BRIEF: Report every line of the entries that contains the word "where".

DATA EXTRACT:

lemma symplectic_c_inverse:
  assumes "symplectic_c S"
  shows "(Kmat ** S ** Kmat) ** adj S = mat 1"
proof -
  have SKS: "S ** Kmat ** adj S = Kmat"
    using assms by (simp add: symplectic_c_def)
  have "S ** (Kmat ** adj S ** Kmat) = (S ** Kmat ** adj S) ** Kmat"
    by (simp only: matrix_mul_assoc)
  also have "\<dots> = mat 1"
    by (simp only: SKS Kmat_mult_Kmat)
  finally have "(Kmat ** adj S ** Kmat) ** S = mat 1"
    using matrix_left_right_inverse by blast
  moreover have "adj ((Kmat ** adj S ** Kmat) ** S) = adj S ** (Kmat ** S ** Kmat)"
    by (simp only: adj_mult adj_Kmat adj_adj matrix_mul_assoc)
  ultimately have "adj S ** (Kmat ** S ** Kmat) = mat 1"
    by simp
  then show ?thesis
    using matrix_left_right_inverse by blast
qed

lemma Kmat_mult_williamson:
  "Kmat ** (S ** diagLL L ** adj S)
     = (Kmat ** S ** Kmat) ** diag_mat (\<lambda>a. complex_of_real (K_sign a * case_sum L L a)) ** adj S"
proof -
  have "diag_mat (\<lambda>a. complex_of_real (K_sign a * case_sum L L a)) = Kmat ** diagLL L"
    by (simp add: Kmat_eq_diag_mat diagLL_eq_diag_mat diag_mat_mult_diag_mat)
  then show ?thesis
    by (simp add: matrix_mul_assoc mult_Kmat_mult_Kmat)
qed

lemma sympl_eigs_williamson:
  assumes "symplectic_c S" and "\<And>k. 0 < L k"
  shows "sympl_eigs (S ** diagLL L ** adj S) = range L"
proof -
  have "l \<in> sympl_eigs (S ** diagLL L ** adj S) \<longleftrightarrow>
      0 < l \<and> complex_of_real l \<in> range (\<lambda>a. complex_of_real (K_sign a * case_sum L L a))" for l
    unfolding sympl_eigs_def Kmat_mult_williamson
    using eigenvalue_similar_diag_mat_iff[OF symplectic_c_inverse[OF assms(1)]] by simp
  also have "\<dots> l \<longleftrightarrow> l \<in> range L" for l
  proof
    assume "0 < l \<and> complex_of_real l \<in> range (\<lambda>a. complex_of_real (K_sign a * case_sum L L a))"
    then obtain a where l: "0 < l" "l = K_sign a * case_sum L L a"
      by (auto simp flip: of_real_mult)
    show "l \<in> range L"
    proof (cases a)
      case (Inr k)
      then show ?thesis
        using l assms(2)[of k] by (simp add: K_sign_def)
    qed (use l in \<open>simp add: K_sign_def\<close>)
  next
    assume "l \<in> range L"
    then obtain k where l: "l = K_sign (Inl k) * case_sum L L (Inl k)"
      by (auto simp: K_sign_def)
    then have "complex_of_real l \<in> range (\<lambda>a. complex_of_real (K_sign a * case_sum L L a))"
      by (intro range_eqI[where x="Inl k"]) simp
    then show "0 < l \<and> complex_of_real l \<in> range (\<lambda>a. complex_of_real (K_sign a * case_sum L L a))"
      using assms(2)[of k] l by (simp add: K_sign_def)
  qed
  finally show ?thesis
    by blast
qed

lemma adj_symplectic_transform_Kmat_mult:
  fixes S X :: "('n::finite) cmat"
  assumes "adj X = X"
  defines "P \<equiv> adj S ** (Kmat ** X) ** (Kmat ** S ** Kmat)"
  shows "diag_hermitian K_sign (\<lambda>a b. P $ a $ b)"
proof -
  have "adj (Kmat ** P) = Kmat ** P"
    unfolding P_def by (simp add: adj_mult adj_Kmat assms matrix_mul_assoc)
  then have "(Kmat ** P) $ a $ b = adj (Kmat ** P) $ a $ b" for a b
    by simp
  then show ?thesis
    by (simp add: diag_hermitian_def adj_def Kmat_eq_diag_mat diag_mat_mult_nth)
qed

lemma adj_pderiv_i_gaussian_cov:
  assumes "open U" and "x \<in> U" and "\<forall>y\<in>U. gaussian_cov (\<sigma> y)" and "\<sigma> differentiable (at x)"
  shows "adj (pderiv_i \<sigma> x i) = pderiv_i \<sigma> x i"
  unfolding pderiv_i_def using assms
  by (intro adj_frechet_derivative_hermitian[where U=U]) (auto simp: adj_gaussian_cov)
(* With the notation below, let $D\in\mathrm{Div}(C_p)$ and let $f\in\mathcal K(C_p)$ be real-valued. (i) Put $D'=D+(f)$. For every integer $n\geq0$ with $\|f\|_p\leq p^n$, the map $\xi\mapsto\xi-f$ induces a bijection from $H^0(D)^{p^n}$ onto $H^0(D')^{p^n}$ (which is an isomorphism of $\mathbb{R}_{\max}$-modules). (ii) For every integer $n\geq0$, the map $F_{p^n}:\xi\mapsto p^n\xi$ is a bijection $H^0(D)^{p^n}\to H^0(p^nD)^1$ which is an isomorphism of $\mathbb{R}_{\max}$-modules twisted by the automorphism $x\mapsto p^nx$ of $\mathbb{R}_{\max}$ (i.e. it preserves $\vee$ and $F_{p^n}(\xi+a)=F_{p^n}(\xi)+p^na$), and it preserves the topological dimension.
   Context: Let $p$ be a prime, $H_p=\mathbb{Z}[1/p]$, $|\cdot|_p$ the $p$-adic absolute value with $|p|_p=1/p$. $\mathbb{R}_{\max}=\mathbb{R}\cup\{-\infty\}$ with operations $\max$ and $+$. $C_p$ is the set of subgroups $H=\lambda H_p\subset\mathbb{R}$, $\lambda>0$. $\mathcal K(C_p)$: continuous piecewise affine $f:(0,\infty)\to\mathbb{R}$ with slopes in $H_p$ and $f(p\lambda)=f(\lambda)$, plus the constant $-\infty$. For real-valued $f$ and $H=\lambda H_p$, $\mathrm{Ord}_H(f)=h_+-h_-$, $h_\pm=\lim_{\epsilon\to0\pm}(f((1+\epsilon)\lambda)-f(\lambda))/\epsilon$; $(f)(H)=\mathrm{Ord}_H(f)$. Divisors: maps $D$ with $D(H)\in H$, finitely supported, ordered pointwise, group $\mathrm{Div}(C_p)$. $H^0(D)=\{f\in\mathcal K(C_p)\text{ real-valued}\mid D+(f)\geq0\}\cup\{-\infty\}$, an $\mathbb{R}_{\max}$-module via max and addition of constants, topologized by $d(f,g)=\max_{x\in[1,p]}|f(x)-g(x)|$. $\|f\|_p=\max\{|h|_p/\lambda\}$ over $\lambda>0$ and $h$ the left/right slopes of $f$ at $\lambda$; $H^0(D)^\rho=\{f\in H^0(D)\mid\|f\|_p\leq\rho\}$ (containing $-\infty$). Topological dimension is the Lebesgue covering dimension. *)

theory Defs
  imports "HOL-Analysis.Analysis" "HOL-Computational_Algebra.Primes"
begin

ANSWER AREA:
    then obtain a where l: "0 < l" "l = K_sign a * case_sum L L a"
    then obtain k where l: "l = K_sign (Inl k) * case_sum L L (Inl k)"
      by (intro range_eqI[where x="Inl k"]) simp
  by (intro adj_frechet_derivative_hermitian[where U=U]) (auto simp: adj_gaussian_cov)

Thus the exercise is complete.